Records excerpted from a collection
=====

(* Let $n \ge 2$ be an integer and let $A_n \in \{0,1\}^{[2]^n \times [2]^{n-1}}$ be the binary single-deletion channel, i.e. $(A_n)_{x,y} = 1$ if and only if $y$ can be obtained from $x$ by deleting exactly one symbol. For a binary string $y$ let $r_y$ be the number of runs of $y$, $u_y$ the number of runs of length one in $y$, and $b_y$ the number of runs of length one that occur at the start or at the end of $y$. Define \[ f(r,u,b) = \frac{1}{r}\left(1 + \frac{\max(2u - b - 2,\,0)}{(r+2)(r+1)}\right)^{-1}. \] Then the vector $z \in \mathbb{R}^{[2]^{n-1}}$ with $z_y = f(r_y,u_y,b_y)$ is feasible for $\kappa^*(A_n)$, i.e. $z \ge \mathbf{0}$ and $A_n z \ge \mathbf{1}$ entrywise; consequently $\kappa^*(A_n) \le \sum_{y \in [2]^{n-1}} z_y$.
   Context: $[2]=\{0,1\}$ and $[2]^m$ is the set of binary strings of length $m$. A run of a string is a maximal block of consecutive equal symbols. For a $0/1$ matrix $A \in \{0,1\}^{X\times Y}$ (a combinatorial channel with inputs $X$ and outputs $Y$), the minimum fractional output covering number is $\kappa^*(A) = \min\{\mathbf{1}^T z : z \in \mathbb{R}^Y,\ z \ge \mathbf{0},\ Az \ge \mathbf{1}\}$, where inequalities are entrywise and $\mathbf{1},\mathbf{0}$ denote all-ones and all-zeros vectors. *)

theory Defs
  imports Complex_Main
begin

text \<open>Binary strings are lists over bool (bool plays the role of the alphabet [2] = {0,1}).\<close>

definition bin_strings :: "nat \<Rightarrow> bool list set" where
  "bin_strings m = {xs. length xs = m}"

definition one_deletion :: "'a list \<Rightarrow> 'a list \<Rightarrow> bool" where
  "one_deletion x y \<longleftrightarrow> (\<exists>i < length x. y = take i x @ drop (Suc i) x)"

definition del_channel :: "bool list \<Rightarrow> bool list \<Rightarrow> real" where
  "del_channel x y = (if one_deletion x y then 1 else 0)"

fun runs :: "'a list \<Rightarrow> 'a list list" where
  "runs [] = []"
| "runs (x # xs) = (case runs xs of
       [] \<Rightarrow> [[x]]
     | r # rs \<Rightarrow> (if hd r = x then (x # r) # rs else [x] # r # rs))"

definition num_runs :: "'a list \<Rightarrow> nat" where
  "num_runs y = length (runs y)"

definition num_unit_runs :: "'a list \<Rightarrow> nat" where
  "num_unit_runs y = length (filter (\<lambda>r. length r = 1) (runs y))"

text \<open>Number of runs of length one among the first and the last run (a run counted once).\<close>
definition num_boundary_unit_runs :: "'a list \<Rightarrow> nat" where
  "num_boundary_unit_runs y =
     card {i. i < length (runs y) \<and> (i = 0 \<or> i = length (runs y) - 1) \<and> length (runs y ! i) = 1}"

definition fweight :: "nat \<Rightarrow> nat \<Rightarrow> nat \<Rightarrow> real" where
  "fweight r u b = (1 / real r) *
     inverse (1 + max (2 * real u - real b - 2) 0 / ((real r + 2) * (real r + 1)))"

definition frac_cover_feasible :: "'x set \<Rightarrow> 'y set \<Rightarrow> ('x \<Rightarrow> 'y \<Rightarrow> real) \<Rightarrow> ('y \<Rightarrow> real) \<Rightarrow> bool" where
  "frac_cover_feasible X Y A z \<longleftrightarrow>
     (\<forall>y\<in>Y. z y \<ge> 0) \<and> (\<forall>x\<in>X. (\<Sum>y\<in>Y. A x y * z y) \<ge> 1)"

definition kappa_star :: "'x set \<Rightarrow> 'y set \<Rightarrow> ('x \<Rightarrow> 'y \<Rightarrow> real) \<Rightarrow> real" where
  "kappa_star X Y A = Inf {(\<Sum>y\<in>Y. z y) | z. frac_cover_feasible X Y A z}"

end

theory Submission
  imports Defs
begin

text \<open>
  Let x have r runs, u of length one, b of those at either end, and put c = 2u - b and
  P = (r + 2)(r + 1).  Write f_k(M) = 1 / (k (1 + max M 0 / ((k + 2)(k + 1)))), so that an output
  with k runs has weight f_k(2u' - b' - 2).  Deleting one symbol from each run of x gives r distinct
  outputs.  Shortening a run of length at least two keeps r runs and creates at most one new unit
  run, so that output has weight at least f_r(c).  Deleting a unit run at either end leaves r - 1
  runs, and deleting an interior unit run merges its two neighbours and leaves r - 2 runs; in both
  cases a unit run is lost, so the weight is at least f_(r-1)(c), resp. f_(r-2)(c).
  For 0 <= c <= 2r one has f_(r-j)(c) >= f_r(c) + j / (P + c) for j = 1, 2, so each deletion earns
  a credit of 0, 1 or 2 times 1 / (P + c) on top of f_r(c).  The credits add up to 2u - b = c,
  and r f_r(c) + c / (P + c) = 1.
\<close>

section \<open>The weight function\<close>

definition weight :: "nat \<Rightarrow> real \<Rightarrow> real" where
  "weight r M = 1 / real r * inverse (1 + max M 0 / ((real r + 2) * (real r + 1)))"

lemma fweight_eq_weight: "fweight r u b = weight r (2 * real u - real b - 2)"
  by (simp add: fweight_def weight_def)

lemma weight_nonneg: "0 \<le> weight r M"
  unfolding weight_def by (simp add: add_nonneg_nonneg)

lemma weight_antimono:
  assumes "M \<le> M'"
  shows "weight r M' \<le> weight r M"
proof -
  have "max M 0 / ((real r + 2) * (real r + 1)) \<le> max M' 0 / ((real r + 2) * (real r + 1))"
    using assms by (intro divide_right_mono) auto
  then show ?thesis
    unfolding weight_def by (intro mult_left_mono le_imp_inverse_le) (auto intro: add_pos_nonneg)
qed

lemma weight_eq:
  assumes "0 \<le> M"
  shows "weight r M = (real r + 2) * (real r + 1) / (real r * ((real r + 2) * (real r + 1) + M))"
proof -
  define P where "P = (real r + 2) * (real r + 1)"
  have "0 < P" by (simp add: P_def)
  then have "1 + M / P = (P + M) / P" by (simp add: field_simps)
  then show ?thesis using assms by (simp add: weight_def P_def[symmetric])
qed

lemma weight_complement:
  assumes "0 < r" "0 \<le> c"
  shows "real r * weight r c + c / ((real r + 2) * (real r + 1) + c) = 1"
proof -
  define P where "P = (real r + 2) * (real r + 1)"
  have "0 < P + c" using assms by (simp add: P_def add_pos_nonneg)
  have "real r * weight r c = P / (P + c)" using assms by (simp add: weight_eq P_def)
  then show ?thesis using \<open>0 < P + c\<close> by (simp add: P_def[symmetric] add_divide_distrib[symmetric])
qed

lemma divide_le_divide_cross:
  fixes a b c d :: real
  assumes "0 < b" "0 < d" "a * d \<le> c * b"
  shows "a / b \<le> c / d"
  using assms by (simp add: divide_le_eq le_divide_eq ac_simps)

lemma weight_le_weight_pred:
  assumes r: "2 \<le> r" and c: "0 \<le> c" "c \<le> 2 * real r"
  shows "weight r c + 1 / ((real r + 2) * (real r + 1) + c) \<le> weight (r - 1) c"
proof -
  define s where "s = real r"
  have s: "2 \<le> s" "real (r - 1) = s - 1" using r by (auto simp: s_def of_nat_diff)
  have "2 * 1 \<le> s * (s - 1)" using s by (intro mult_mono) auto
  then have h: "c * (s * (s - 1) - 1) \<le> 2 * s * (s * (s - 1) - 1)"
    using c s by (intro mult_right_mono) (auto simp: s_def)
  \<comment> \<open>after cross-multiplying, the difference decreases linearly in c: c = 2r is the worst case\<close>
  have "0 \<le> 10 * s^2 + 6 * s" using s by simp
  also have "\<dots> = 4 * s^3 + 6 * s^2 + 2 * s - 2 * (2 * s * (s * (s - 1) - 1))" by algebra
  also have "\<dots> \<le> 4 * s^3 + 6 * s^2 + 2 * s - 2 * (c * (s * (s - 1) - 1))" using h by simp
  also have "\<dots> = (s + 1) * s * (s * ((s + 2) * (s + 1) + c))
                  - ((s + 2) * (s + 1) + s) * ((s - 1) * ((s + 1) * s + c))" by algebra
  finally have "((s + 2) * (s + 1) + s) / (s * ((s + 2) * (s + 1) + c))
                  \<le> (s + 1) * s / ((s - 1) * ((s + 1) * s + c))"
    using s c by (intro divide_le_divide_cross) (auto intro!: mult_pos_pos add_pos_nonneg)
  moreover have "weight r c + 1 / ((s + 2) * (s + 1) + c)
                   = ((s + 2) * (s + 1) + s) / (s * ((s + 2) * (s + 1) + c))"
  proof -
    have "s \<noteq> 0" using s by simp
    then have "(P + s) / (s * D) = P / (s * D) + 1 / D" for P D :: real
      by (simp add: add_divide_distrib)
    then show ?thesis using c by (simp add: weight_eq s_def[symmetric])
  qed
  moreover have "weight (r - 1) c = (s + 1) * s / ((s - 1) * ((s + 1) * s + c))"
    using weight_eq[OF c(1), of "r - 1"] unfolding s(2) by (simp add: add.commute)
  ultimately show ?thesis by (simp add: s_def)
qed

lemma weight_le_weight_pred2:
  assumes r: "3 \<le> r" and c: "0 \<le> c" "c \<le> 2 * real r"
  shows "weight r c + 2 / ((real r + 2) * (real r + 1) + c) \<le> weight (r - 2) c"
proof -
  define s where "s = real r"
  have s: "3 \<le> s" "real (r - 2) = s - 2" using r by (auto simp: s_def of_nat_diff)
  have "3 * 1 \<le> s * (s - 2)" using s by (intro mult_mono) auto
  then have h: "c * (s * (s - 2) - 1) \<le> 2 * s * (s * (s - 2) - 1)"
    using c s by (intro mult_right_mono) (auto simp: s_def)
  have "0 \<le> 2 * s^3 + 10 * s^2 + 4 * s" using s by simp
  also have "\<dots> = 10 * s^3 - 6 * s^2 - 4 * s - 4 * (2 * s * (s * (s - 2) - 1))" by algebra
  also have "\<dots> \<le> 10 * s^3 - 6 * s^2 - 4 * s - 4 * (c * (s * (s - 2) - 1))" using h by simp
  also have "\<dots> = s * (s - 1) * (s * ((s + 2) * (s + 1) + c))
                  - ((s + 2) * (s + 1) + 2 * s) * ((s - 2) * (s * (s - 1) + c))" by algebra
  finally have "((s + 2) * (s + 1) + 2 * s) / (s * ((s + 2) * (s + 1) + c))
                  \<le> s * (s - 1) / ((s - 2) * (s * (s - 1) + c))"
    using s c by (intro divide_le_divide_cross) (auto intro!: mult_pos_pos add_pos_nonneg)
  moreover have "weight r c + 2 / ((s + 2) * (s + 1) + c)
                   = ((s + 2) * (s + 1) + 2 * s) / (s * ((s + 2) * (s + 1) + c))"
  proof -
    have "s \<noteq> 0" using s by simp
    then have "(P + 2 * s) / (s * D) = P / (s * D) + 2 / D" for P D :: real
      by (simp add: add_divide_distrib)
    then show ?thesis using c by (simp add: weight_eq s_def[symmetric])
  qed
  moreover have "weight (r - 2) c = s * (s - 1) / ((s - 2) * (s * (s - 1) + c))"
    using weight_eq[OF c(1), of "r - 2"] unfolding s(2) by (simp add: algebra_simps)
  ultimately show ?thesis by (simp add: s_def)
qed

section \<open>Run decompositions\<close>

definition is_run :: "'a list \<Rightarrow> bool" where
  "is_run r \<longleftrightarrow> r \<noteq> [] \<and> (\<forall>a\<in>set r. a = hd r)"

=====

** WORK TASK **
Set down exactly the lines of the data above, beginning with the line that has "1)) \<le> max" and ending with the line that has "add: weight_eq P_def)", and no others.

** SOLUTION TO THE EXERCISE **
  have "max M 0 / ((real r + 2) * (real r + 1)) \<le> max M' 0 / ((real r + 2) * (real r + 1))"
    using assms by (intro divide_right_mono) auto
  then show ?thesis
    unfolding weight_def by (intro mult_left_mono le_imp_inverse_le) (auto intro: add_pos_nonneg)
qed

lemma weight_eq:
  assumes "0 \<le> M"
  shows "weight r M = (real r + 2) * (real r + 1) / (real r * ((real r + 2) * (real r + 1) + M))"
proof -
  define P where "P = (real r + 2) * (real r + 1)"
  have "0 < P" by (simp add: P_def)
  then have "1 + M / P = (P + M) / P" by (simp add: field_simps)
  then show ?thesis using assms by (simp add: weight_def P_def[symmetric])
qed

lemma weight_complement:
  assumes "0 < r" "0 \<le> c"
  shows "real r * weight r c + c / ((real r + 2) * (real r + 1) + c) = 1"
proof -
  define P where "P = (real r + 2) * (real r + 1)"
  have "0 < P + c" using assms by (simp add: P_def add_pos_nonneg)
  have "real r * weight r c = P / (P + c)" using assms by (simp add: weight_eq P_def)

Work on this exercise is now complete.